• _TASK DATA_:

lemma measurable_kernel:
  assumes sets: "sets M = sets (borel :: 'a measure)"
  shows "kernel \<in> measurable M (subprob_algebra (borel \<Otimes>\<^sub>M borel))"
proof (rule measurable_subprob_algebra_generated[where \<Omega>=UNIV and G="{a \<times> b | a b. open a \<and> open b}"])
  show "Int_stable {a \<times> b | a b. open (a::'a set) \<and> open (b::'a set)}"
  proof (rule Int_stableI)
    fix X Y assume "X \<in> {a \<times> b | a b. open (a::'a set) \<and> open (b::'a set)}"
      "Y \<in> {a \<times> b | a b. open (a::'a set) \<and> open (b::'a set)}"
    then obtain a b c d :: "'a set" where "X = a \<times> b" "Y = c \<times> d" "open a" "open b" "open c" "open d"
      by blast
    then show "X \<inter> Y \<in> {a \<times> b | a b. open (a::'a set) \<and> open (b::'a set)}"
      by (intro CollectI exI[of _ "a \<inter> c"] exI[of _ "b \<inter> d"]) auto
  qed
  show "subprob_space (kernel x)" for x by (rule prob_space_imp_subprob_space[OF prob_space_kernel])
  show "(\<lambda>x. emeasure (kernel x) UNIV) \<in> borel_measurable M"
    using prob_space.emeasure_space_1[OF prob_space_kernel] by simp
  fix A assume "A \<in> {a \<times> b | a b. open (a::'a set) \<and> open (b::'a set)}"
  then obtain a b :: "'a set" where A: "A = a \<times> b" "open a" "open b" by blast
  define h where "h n z = open_approx a n (fst z) * open_approx b n (snd z)" for n and z :: "'a \<times> 'a"
  have cont: "continuous_on UNIV (h n)" for n
    unfolding h_def
    by (intro continuous_on_mult continuous_on_compose2[OF continuous_on_open_approx] continuous_intros)
       auto
  have bound: "\<bar>h n z\<bar> \<le> 1" for n z
    unfolding h_def using open_approx_bounds[of a n "fst z"] open_approx_bounds[of b n "snd z"]
    by (simp add: abs_mult mult_le_one)
  have lim: "(\<lambda>n. list_integral (kernel_list x) (h n)) \<longlonglongrightarrow> list_integral (kernel_list x) (indicator A)" for x
  proof (rule tendsto_list_integral)
    show "(\<lambda>n. h n z) \<longlonglongrightarrow> indicator A z" for z
      unfolding h_def A(1) indicator_times
      by (rule tendsto_mult; rule open_approx_tendsto_indicator; fact)
  qed
  have "(\<lambda>x. list_integral (kernel_list x) (indicator A)) \<in> borel_measurable M"
    by (rule borel_measurable_LIMSEQ_real[OF lim measurable_list_integral_kernel_list[OF sets cont bound]])
  then show "(\<lambda>x. emeasure (kernel x) A) \<in> borel_measurable M"
    using A by (simp add: emeasure_kernel borel_open)
qed (auto simp: sets_pair_borel_open_rectangles)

• _TASK TO COMPLETE_: Above are some lines. Repeat exactly, and only, those from the line that has "define h where" through the line that has "proof (rule tendsto_list_integral)".

• _RESPONSE TO THE EXERCISE_:
  define h where "h n z = open_approx a n (fst z) * open_approx b n (snd z)" for n and z :: "'a \<times> 'a"
  have cont: "continuous_on UNIV (h n)" for n
    unfolding h_def
    by (intro continuous_on_mult continuous_on_compose2[OF continuous_on_open_approx] continuous_intros)
       auto
  have bound: "\<bar>h n z\<bar> \<le> 1" for n z
    unfolding h_def using open_approx_bounds[of a n "fst z"] open_approx_bounds[of b n "snd z"]
    by (simp add: abs_mult mult_le_one)
  have lim: "(\<lambda>n. list_integral (kernel_list x) (h n)) \<longlonglongrightarrow> list_integral (kernel_list x) (indicator A)" for x
  proof (rule tendsto_list_integral)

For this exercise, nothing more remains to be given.